Андрей Соболь - Мемуары веснущатого человека
И, от чуда такого потеряв почву под ногами, думаю: Господи ты боже, въехал же я! Как тут начнёшь такому человеку — да возле клюквы, да о девочках? Об агентуре прелюбодеяния такому человеку?
Но жить-то, жить-то надо, ведь выпить русскому человеку тоже надо после этого проклятого арабского кофе, где питья-то с наперсток, а сажи да дряни всякой напихано с полфунта, и ведь без того, чтобы перехватить съедобного, не просуществовать даже наипрезреннейшему человеку, даже такому, у кого на лице веснушки в чехарду играют, — и вот начинаю:
— Так и так… Направил меня к вам Кавукьянц, — путаюсь, но продолжаю, спотыкаюсь, по логически развиваю свою мысль, а он резко рвёт мою ткань вслух высказываемых мыслей:
— Что? Кто вас послал? Кавукьянц? Не может быть. Я работаю с Агорьянцем. Кавукьянц это должен знать, я вчера троечку доставил Агорьянцу.

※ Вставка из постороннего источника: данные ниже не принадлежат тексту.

lemma park_large:
  assumes strict: "strict_instance ds" and large: "13 \<le> length ds"
  shows "reaches prog 36 (0, input_mem ds) (at_pc 63 (parked ds (length ds + input_mem ds 1)))"
proof (rule reaches_at_pcI)
  have "input_mem ds 0 = length ds"
    by (simp add: input_mem_def)
  have "0 < input_mem ds 13" "0 < input_mem ds 1"
    using large deadline_pos[OF strict, of 13] deadline_pos[OF strict, of 1]
    by (simp_all add: input_mem_deadline)
  then have "run prog 1 (0, input_mem ds) = (1, input_mem ds)"
    by (simp add: run_prog_simps)
  moreover have "\<exists>M'. run prog 35 (1, input_mem ds) = (63, M') \<and>
      parked ds (length ds + input_mem ds 1) M'"
    using large \<open>0 < input_mem ds 1\<close> \<open>input_mem ds 0 = length ds\<close> unfolding parked_def
    by (simp add: run_prog_simps numeral_2_eq_2[symmetric], intro allI impI, simp add: add.commute, arith)
  ultimately show "\<exists>M'. run prog 36 (0, input_mem ds) = (63, M') \<and>
      parked ds (length ds + input_mem ds 1) M'"
    using run_add[of prog 1 35] by simp
qed simp

lemma park:
  assumes "strict_instance ds"
  shows "reaches prog 36 (0, input_mem ds) (at_pc 63 (\<lambda>M. \<exists>Z. parked ds Z M))"
proof (cases "length ds < 13")
  case True
  show ?thesis
    by (rule reaches_mono[OF park_small[OF True]]) (auto simp: at_pc_def)
next
  case False
  show ?thesis
    by (rule reaches_mono[OF park_large[OF assms]]) (use False in \<open>auto simp: at_pc_def\<close>)
qed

Я больше не могу. И прошу меня избавить от армянской конкуренции, — да как вскочит, да как пледом замахнётся: — Знаю я вашу веснущатую морду. Вчера во сне недаром видел. Вон, сыщик, вон! — и блюдечко на пол, и клюква на пол, а я всех девочек отдал бы за одну ягодку.
И не удержался, чтоб не поднять обожаемую ягодку, а князь как завизжит:
— Не смей меня хватать за ноги. Серж, Серж, сюда!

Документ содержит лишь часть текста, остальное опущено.